How does the data below read from its first line through the line containing "has_real_derivative w') (at"? Print those lines exactly.

Start of RECORDS SHOWN

text \<open>The substitution \<open>t = s / w\<close> turns both logarithmic one-dimensional integrals below into
  integrals of the derivative of \<open>log_primitive\<close>.\<close>
lemma has_real_derivative_log_primitive_ratio:
  assumes "j \<ge> 1" "0 < s" "s < w x" "(w has_real_derivative w') (at x)"
  shows "((\<lambda>x. log_primitive j (s / w x)) has_real_derivative
           - w' * s ^ j * ln (w x / (w x - s)) / w x ^ (j + 1)) (at x)"
proof -
  have t: "s / w x < 1" and w: "0 < w x" using assms by auto
  have "((\<lambda>x. s / w x) has_real_derivative - s * w' / (w x)\<^sup>2) (at x)"
    using assms(4) w by (auto intro!: derivative_eq_intros simp: power2_eq_square)
  then have "((\<lambda>x. log_primitive j (s / w x)) has_real_derivative
      (s / w x) ^ (j - 1) * - ln (1 - s / w x) * (- s * w' / (w x)\<^sup>2)) (at x)"
    by (rule DERIV_chain2[where f = "log_primitive j" and g = "\<lambda>x. s / w x",
          OF has_real_derivative_log_primitive[OF assms(1) t]])
  moreover have "(s / w x) ^ (j - 1) * - ln (1 - s / w x) * (- s * w' / (w x)\<^sup>2)
      = - w' * s ^ j * ln (w x / (w x - s)) / w x ^ (j + 1)"
  proof -
    have "- ln (1 - s / w x) = ln (w x / (w x - s))"
      using assms w by (simp add: ln_div field_simps)
    moreover have "s ^ (j - 1) * s = s ^ j" "w x ^ (j - 1) * (w x)\<^sup>2 = w x ^ (j + 1)"
      using assms(1) by (cases j; simp add: power2_eq_square)+
    ultimately show ?thesis
      using w by (simp add: power_divide field_simps)
  qed
  ultimately show ?thesis by simp
qed

lemma log_primitive_ratio_tendsto:
  assumes "j \<ge> 1" "0 < s" "(w \<longlongrightarrow> s) F" "eventually (\<lambda>x. s < w x) F"
  shows "((\<lambda>x. log_primitive j (s / w x)) \<longlongrightarrow> harm j / j) F"
proof -
  have "filterlim (\<lambda>x. s / w x) (at_left 1) F"
  proof (rule tendsto_imp_filterlim_at_left)
    show "((\<lambda>x. s / w x) \<longlongrightarrow> 1) F"
      using tendsto_divide[OF tendsto_const assms(3), of s] assms(2) by simp
    show "eventually (\<lambda>x. s / w x < 1) F"
      using assms(4) by eventually_elim (use assms(2) in simp)
  qed
  then show ?thesis
    by (rule filterlim_compose[OF log_primitive_tendsto_1[OF assms(1)]])
qed
text \<open>For a dominating p, summing X(p,p) - X(p,q) = 1 over the other dominating q, and using that
  the columns of X sum to zero and vanish off the dominating vertices, gives |D| X(p,p) = |D| - 1.\<close>
lemma trace_dominating_eigenspace:
  fixes X :: "real mat"
  assumes g: "simple_graph N E" and a1: "1/2 < a" and a2: "a < 1"
    and u: "u \<in> dominating_vertices N E"
    and sym: "\<And>i j. i < N \<Longrightarrow> j < N \<Longrightarrow> X $$ (i,j) = X $$ (j,i)"
    and eigen: "\<And>i k. i < N \<Longrightarrow> k < N \<Longrightarrow>
      (\<Sum>j<N. A_alpha a N E $$ (i,j) * X $$ (j,k)) = (a * real N - 1) * X $$ (i,k)"
    and fixes_diff: "\<And>p q i. p \<in> dominating_vertices N E \<Longrightarrow> q \<in> dominating_vertices N E \<Longrightarrow>
      p \<noteq> q \<Longrightarrow> i < N \<Longrightarrow> X $$ (i,p) - X $$ (i,q) = (if i = p then 1 else 0) - (if i = q then 1 else 0)"
  shows "(\<Sum>i<N. X $$ (i,i)) = real (card (dominating_vertices N E)) - 1"
proof -
  let ?D = "dominating_vertices N E"
  let ?c = "real (card ?D)"
  have fin: "finite ?D" using finite_subset[OF dominating_vertices_subset] by blast
  have c1: "card ?D \<ge> 1" using fin u by (metis One_nat_def Suc_leI card_gt_0_iff empty_iff)
  have col_sum: "(\<Sum>i<N. X $$ (i,k)) = 0" if "k < N" for k
    by (rule A_alpha_eigenvector_sum_zero[OF g a2 u eigen]) (use u that in \<open>auto simp: dominating_vertices_def\<close>)
  have col_supp: "X $$ (i,k) = 0" if "k < N" "i < N" "i \<notin> ?D" for i k
  proof (rule A_alpha_quadratic_form_vanishing[OF g a1 less_imp_le[OF a2] col_sum[OF that(1)] _ that(2,3)])
    show "(\<Sum>i<N. X $$ (i,k) * ((a * real N - 1) * X $$ (i,k) - (\<Sum>j<N. A_alpha a N E $$ (i,j) * X $$ (j,k)))) \<le> 0"
      using eigen[OF _ that(1)] by simp
  qed
  have diag: "?c * X $$ (p,p) = ?c - 1" if p: "p \<in> ?D" for p
  proof -
    have pN: "p < N" using p by (simp add: dominating_vertices_def)
    have "(\<Sum>q\<in>?D. X $$ (p,p) - X $$ (p,q)) = (\<Sum>q\<in>?D - {p}. 1)"
      using fixes_diff[OF p _ _ pN] fin p by (simp add: sum.If_cases Diff_eq Int_commute
          sum.cong[of ?D ?D "\<lambda>q. X $$ (p,p) - X $$ (p,q)" "\<lambda>q. if q = p then 0 else 1"])
    also have "\<dots> = ?c - 1" using fin p c1 by (simp add: of_nat_diff)
    finally have e1: "(\<Sum>q\<in>?D. X $$ (p,p) - X $$ (p,q)) = ?c - 1" .
    have "(\<Sum>q\<in>?D. X $$ (p,q)) = (\<Sum>q\<in>?D. X $$ (q,p))"
      using pN by (intro sum.cong refl) (auto intro: sym simp: dominating_vertices_def)
    also have "\<dots> = (\<Sum>q<N. X $$ (q,p))"
      using dominating_vertices_subset col_supp[OF pN] by (intro sum.mono_neutral_left) auto
    finally have e2: "(\<Sum>q\<in>?D. X $$ (p,q)) = 0" using col_sum[OF pN] by simp
    show ?thesis using e1 e2 by (simp add: sum_subtractf)
  qed
  have "(\<Sum>i<N. X $$ (i,i)) = (\<Sum>i\<in>?D. X $$ (i,i))"
    using dominating_vertices_subset col_supp by (intro sum.mono_neutral_right) auto
  also have "\<dots> = (\<Sum>i\<in>?D. (?c - 1) / ?c)"
    using diag c1 by (intro sum.cong refl) (simp add: field_simps)
  also have "\<dots> = ?c - 1" using c1 by simp
  finally show ?thesis .
qed

definition unit_diff_col :: "nat \<Rightarrow> nat \<Rightarrow> nat \<Rightarrow> real mat" where
  "unit_diff_col N p q = mat N 1 (\<lambda>(i,_). (if i = p then 1 else 0) - (if i = q then 1 else 0))"

lemma unit_diff_col_carrier [simp]: "unit_diff_col N p q \<in> carrier_mat N 1"
  by (simp add: unit_diff_col_def)

lemma mult_unit_diff_col:
  assumes X: "X \<in> carrier_mat N N" and p: "p < N" and q: "q < N" and pq: "p \<noteq> q" and i: "i < N"
  shows "(X * unit_diff_col N p q) $$ (i,0) = X $$ (i,p) - X $$ (i,q)"
proof -
  have "(X * unit_diff_col N p q) $$ (i,0)
      = (\<Sum>l<N. (if l = p then X $$ (i,l) else 0) - (if l = q then X $$ (i,l) else 0))"
    using X i by (subst index_mult_mat_sum[OF X unit_diff_col_carrier]) (auto simp: unit_diff_col_def
        intro!: sum.cong)
  also have "\<dots> = X $$ (i,p) - X $$ (i,q)" using p q by (simp add: sum_subtractf)
  finally show ?thesis .
qed

lemma A_alpha_unit_diff_col_eigen:
  assumes g: "simple_graph N E" and p: "p \<in> dominating_vertices N E"
    and q: "q \<in> dominating_vertices N E" and pq: "p \<noteq> q"
  shows "A_alpha a N E * unit_diff_col N p q = (a * real N - 1) \<cdot>\<^sub>m unit_diff_col N p q"
proof (rule eq_matI)
  fix i j assume "i < dim_row ((a * real N - 1) \<cdot>\<^sub>m unit_diff_col N p q)"
    "j < dim_col ((a * real N - 1) \<cdot>\<^sub>m unit_diff_col N p q)"
  then have i: "i < N" and j: "j = 0" by (auto simp: unit_diff_col_def)
  have pN: "p < N" and qN: "q < N" using p q by (auto simp: dominating_vertices_def)
  have N1: "N \<ge> 1" using pN by simp
  have "E p q" "E q p" "i \<noteq> p \<Longrightarrow> E i p" "i \<noteq> q \<Longrightarrow> E i q" "\<not> E p p" "\<not> E q q"
    using p q pq pN qN i g by (auto simp: dominating_vertices_def simple_graph_def)
  then have "A_alpha a N E $$ (i,p) - A_alpha a N E $$ (i,q) = ((a * real N - 1) \<cdot>\<^sub>m unit_diff_col N p q) $$ (i,0)"
    using i pN qN pq N1 degree_dominating[OF g p] degree_dominating[OF g q]
    by (auto simp: A_alpha_index unit_diff_col_def of_nat_diff algebra_simps)
  then show "(A_alpha a N E * unit_diff_col N p q) $$ (i,j) = ((a * real N - 1) \<cdot>\<^sub>m unit_diff_col N p q) $$ (i,j)"
    unfolding j mult_unit_diff_col[OF A_alpha_carrier pN qN pq i] .
qed (auto simp: unit_diff_col_def)
lemma sign_inversions_swap:
  assumes "p \<noteq> q"
  shows "(-1 :: 'a::ring_1) ^ inversions (xs @ q # p # ys) = - ((-1) ^ inversions (xs @ p # q # ys))"
proof (cases "p < q")
  case True
  then have "inversions (xs @ q # p # ys) = Suc (inversions (xs @ p # q # ys))"
    using inversions_swap[of xs p q ys] by simp
  then show ?thesis
    by simp
next
  case False
  then have "inversions (xs @ p # q # ys) = Suc (inversions (xs @ q # p # ys))"
    using inversions_swap[of xs p q ys] assms by simp
  then show ?thesis
    by simp
qed

lemma inversions_sorted: "sorted xs \<Longrightarrow> inversions xs = 0"
  by (induction xs) (auto simp: filter_empty_conv not_less)

definition representatives :: "nat set \<Rightarrow> nat set list \<Rightarrow> nat list" where
  "representatives J Bs = map (\<lambda>B. the_elem (B \<inter> J)) Bs"

definition transversal_sign :: "nat \<Rightarrow> nat set \<Rightarrow> nat set \<Rightarrow> nat set list \<Rightarrow> 'a::field" where
  "transversal_sign k S J Bs =
     (if ordpart k S Bs \<and> (\<forall>B\<in>set Bs. card (B \<inter> J) = 1)
      then (-1) ^ inversions (representatives J Bs) else 0)"

lemma card_Int_eq_1_two_blocks_iff:
  assumes "A \<inter> B = {}" and "(A \<union> B) \<inter> J = {p, q}" and "p \<noteq> q"
  shows "card (A \<inter> J) = 1 \<and> card (B \<inter> J) = 1 \<longleftrightarrow> p \<in> A \<and> q \<in> B \<or> q \<in> A \<and> p \<in> B"
proof
  assume "card (A \<inter> J) = 1 \<and> card (B \<inter> J) = 1"
  then obtain a b where ab: "A \<inter> J = {a}" "B \<inter> J = {b}"
    by (auto simp: card_1_singleton_iff)
  then have "{a, b} = {p, q}"
    using assms(2) by (simp add: Int_Un_distrib2 insert_commute)
  moreover have "a \<in> A" "b \<in> B"
    using ab by blast+
  ultimately show "p \<in> A \<and> q \<in> B \<or> q \<in> A \<and> p \<in> B"
    unfolding doubleton_eq_iff by blast
next
  have J: "A \<inter> J \<subseteq> {p, q}" "B \<inter> J \<subseteq> {p, q}" "p \<in> J" "q \<in> J"
    using assms(2) by blast+
  assume "p \<in> A \<and> q \<in> B \<or> q \<in> A \<and> p \<in> B"
  then have "A \<inter> J = {p} \<and> B \<inter> J = {q} \<or> A \<inter> J = {q} \<and> B \<inter> J = {p}"
    using J assms(1,3) by auto
  then show "card (A \<inter> J) = 1 \<and> card (B \<inter> J) = 1"
    by auto
qed
lemma card_agree_add_le:
  assumes s: "\<sigma> permutes {1..n}"
  shows "card (agree \<sigma>) + card (moved \<sigma> - moved p) \<le> card (moved \<sigma>)"
proof -
  have "card (agree \<sigma> \<union> (moved \<sigma> - moved p)) = card (agree \<sigma>) + card (moved \<sigma> - moved p)"
    by (rule card_Un_disjoint)
      (use finite_agree[OF s] finite_moved[OF s] agree_subset(2)[of \<sigma>] in auto)
  moreover have "card (agree \<sigma> \<union> (moved \<sigma> - moved p)) \<le> card (moved \<sigma>)"
    by (rule card_mono[OF finite_moved[OF s]]) (use agree_subset(1)[of \<sigma>] in auto)
  ultimately show ?thesis by simp
qed

lemma Tc_subset_Tc_p_iff: "\<sigma> permutes {1..n} \<Longrightarrow> Tc n \<sigma> \<subseteq> Tc n p \<longleftrightarrow> agree \<sigma> = moved \<sigma>"
  by (auto simp: Tc_subset_iff agree_def)

lemma card_Tc_Int_Tc_p: "\<sigma> permutes {1..n} \<Longrightarrow> card (Tc n \<sigma> \<inter> Tc n p) = card (agree \<sigma>)"
  by (simp add: card_Tc_Int agree_def)

lemma mem_N1_iff: "\<sigma> \<in> N1 n r p \<longleftrightarrow> \<sigma> \<in> Sym n \<and> agree \<sigma> = moved \<sigma> \<and> card (moved \<sigma>) = r - 1"
  by (cases "\<sigma> permutes {1..n}") (simp_all add: N1_def Sym_def Tc_subset_Tc_p_iff card_Tc)

lemma mem_N2_iff: "\<sigma> \<in> N2 n r p \<longleftrightarrow> \<sigma> \<in> Sym n \<and> agree \<sigma> = moved \<sigma> \<and> card (moved \<sigma>) = r"
  by (cases "\<sigma> permutes {1..n}") (simp_all add: N2_def Sym_def Tc_subset_Tc_p_iff card_Tc)

lemma mem_N3_iff: "\<sigma> \<in> N3 n r p \<longleftrightarrow> \<sigma> \<in> Sym n \<and> card (agree \<sigma>) = r - 1 \<and> card (moved \<sigma>) = r"
  by (cases "\<sigma> permutes {1..n}") (simp_all add: N3_def Sym_def card_Tc_Int_Tc_p card_Tc)

lemma ball_Int_ball_id:
  assumes cS: "card (moved p) = 2*r - 1" and r: "r \<ge> 1"
  shows "ball_r n r p \<inter> ball_r n r id = N1 n r p \<union> N2 n r p \<union> N3 n r p"
proof (rule set_eqI)
  fix \<sigma>
  show "\<sigma> \<in> ball_r n r p \<inter> ball_r n r id \<longleftrightarrow> \<sigma> \<in> N1 n r p \<union> N2 n r p \<union> N3 n r p"
  proof (cases "\<sigma> \<in> Sym n")
    case True
    then have s: "\<sigma> permutes {1..n}" by (simp add: Sym_def)
    have agree_eq: "agree \<sigma> = moved \<sigma> \<longleftrightarrow> card (agree \<sigma>) = card (moved \<sigma>)"
      using card_subset_eq[OF finite_moved[OF s] agree_subset(1)] by auto
    have L: "\<sigma> \<in> ball_r n r p \<inter> ball_r n r id \<longleftrightarrow> hdist n \<sigma> p \<le> r \<and> card (moved \<sigma>) \<le> r"
      using True hdist_id[OF s] by (auto simp: ball_r_def)
    have R: "\<sigma> \<in> N1 n r p \<union> N2 n r p \<union> N3 n r p \<longleftrightarrow>
        (card (agree \<sigma>) = card (moved \<sigma>) \<and> card (moved \<sigma>) = r - 1) \<or>
        (card (agree \<sigma>) = card (moved \<sigma>) \<and> card (moved \<sigma>) = r) \<or>
        (card (agree \<sigma>) = r - 1 \<and> card (moved \<sigma>) = r)"
      using True agree_eq by (auto simp: mem_N1_iff mem_N2_iff mem_N3_iff)
    have arith: "(h \<le> r \<and> a \<le> r) \<longleftrightarrow> (e = a \<and> a = r - 1) \<or> (e = a \<and> a = r) \<or> (e = r - 1 \<and> a = r)"
      if "h + e = 2*r - 1 + m" "e + m \<le> a" "e \<le> a" "e + 1 = a \<Longrightarrow> m = 0" for h e a m :: nat
      using that r by (cases "e + 1 = a") auto
    have "card (agree \<sigma>) + 1 = card (moved \<sigma>) \<Longrightarrow> card (moved \<sigma> - moved p) = 0"
      using moved_subset_if_one_disagreement[OF s] by (metis Diff_eq_empty_iff card.empty)
    then show ?thesis
      unfolding L R
      by (rule arith[OF hdist_add_card_agree[OF s, unfolded cS] card_agree_add_le[OF s]
            card_mono[OF finite_moved[OF s] agree_subset(1)]])
  qed (simp add: ball_r_def mem_N1_iff mem_N2_iff mem_N3_iff)
qed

End of RECORDS SHOWN

OUTPUT FOR THIS TASK:
text \<open>The substitution \<open>t = s / w\<close> turns both logarithmic one-dimensional integrals below into
  integrals of the derivative of \<open>log_primitive\<close>.\<close>
lemma has_real_derivative_log_primitive_ratio:
  assumes "j \<ge> 1" "0 < s" "s < w x" "(w has_real_derivative w') (at x)"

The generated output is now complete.